theorem mainTheorem3:
  fixes N :: real
  assumes N: "N > 0"
  shows "(\<forall>u \<sigma>. u \<noteq> 0 \<longrightarrow> \<sigma> \<noteq> 0 \<longrightarrow> Phi N u \<sigma> \<in> S N)
    \<and> (iota ` S N \<subseteq> S N \<and> (\<forall>p\<in>S N. iota (iota p) = p) \<and> (\<forall>p\<in>S N. iota p \<noteq> p)
       \<and> antiholomorphic_on UNIV iota
       \<and> (\<forall>u \<sigma>. u \<noteq> 0 \<longrightarrow> \<sigma> \<noteq> 0 \<longrightarrow>
            iota (Phi N u (of_real (theta N u) * \<sigma>))
              = Phi N u (of_real (theta N u) * (- 1 / cnj \<sigma>))))
    \<and> (\<forall>u. u \<noteq> 0 \<longrightarrow>
         (\<forall>\<^sub>F \<epsilon> in at_right 0. \<forall>X Y.
            fibre_int N \<epsilon> u X Y / (2 * of_real pi) = omegaN N u X Y))
    \<and> (\<forall>u. u \<noteq> 0 \<longrightarrow> (\<forall>X Y. omegaN N u X Y = i_ddbar (Kpot N) u X Y))"
proof -
  have N0: "N \<ge> 0"
    using N by simp
  have fibre: "\<forall>\<^sub>F \<epsilon> in at_right 0. \<forall>X Y. fibre_int N \<epsilon> u X Y / (2 * of_real pi) = omegaN N u X Y"
    if "u \<noteq> 0" for u
    using eventually_circle_avoids_v1_zero[OF that]
    by eventually_elim (use fibre_int_eq_omegaN[OF N0 that] in blast)
  show ?thesis
    using Phi_in_S[OF N0] iota_no_fixpoint_S[OF N] iota_Phi[OF N0] fibre omegaN_eq_i_ddbar_Kpot
    by (simp add: iota_S iota_iota antiholomorphic_iota)
qed

end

(What to do):
Restate the listing above word for word.

(Exercise response):
theorem mainTheorem3:
  fixes N :: real
  assumes N: "N > 0"
  shows "(\<forall>u \<sigma>. u \<noteq> 0 \<longrightarrow> \<sigma> \<noteq> 0 \<longrightarrow> Phi N u \<sigma> \<in> S N)
    \<and> (iota ` S N \<subseteq> S N \<and> (\<forall>p\<in>S N. iota (iota p) = p) \<and> (\<forall>p\<in>S N. iota p \<noteq> p)
       \<and> antiholomorphic_on UNIV iota
       \<and> (\<forall>u \<sigma>. u \<noteq> 0 \<longrightarrow> \<sigma> \<noteq> 0 \<longrightarrow>
            iota (Phi N u (of_real (theta N u) * \<sigma>))
              = Phi N u (of_real (theta N u) * (- 1 / cnj \<sigma>))))
    \<and> (\<forall>u. u \<noteq> 0 \<longrightarrow>
         (\<forall>\<^sub>F \<epsilon> in at_right 0. \<forall>X Y.
            fibre_int N \<epsilon> u X Y / (2 * of_real pi) = omegaN N u X Y))
    \<and> (\<forall>u. u \<noteq> 0 \<longrightarrow> (\<forall>X Y. omegaN N u X Y = i_ddbar (Kpot N) u X Y))"
proof -
  have N0: "N \<ge> 0"
    using N by simp
  have fibre: "\<forall>\<^sub>F \<epsilon> in at_right 0. \<forall>X Y. fibre_int N \<epsilon> u X Y / (2 * of_real pi) = omegaN N u X Y"
    if "u \<noteq> 0" for u
    using eventually_circle_avoids_v1_zero[OF that]
    by eventually_elim (use fibre_int_eq_omegaN[OF N0 that] in blast)
  show ?thesis
    using Phi_in_S[OF N0] iota_no_fixpoint_S[OF N] iota_Phi[OF N0] fibre omegaN_eq_i_ddbar_Kpot
    by (simp add: iota_S iota_iota antiholomorphic_iota)
qed

end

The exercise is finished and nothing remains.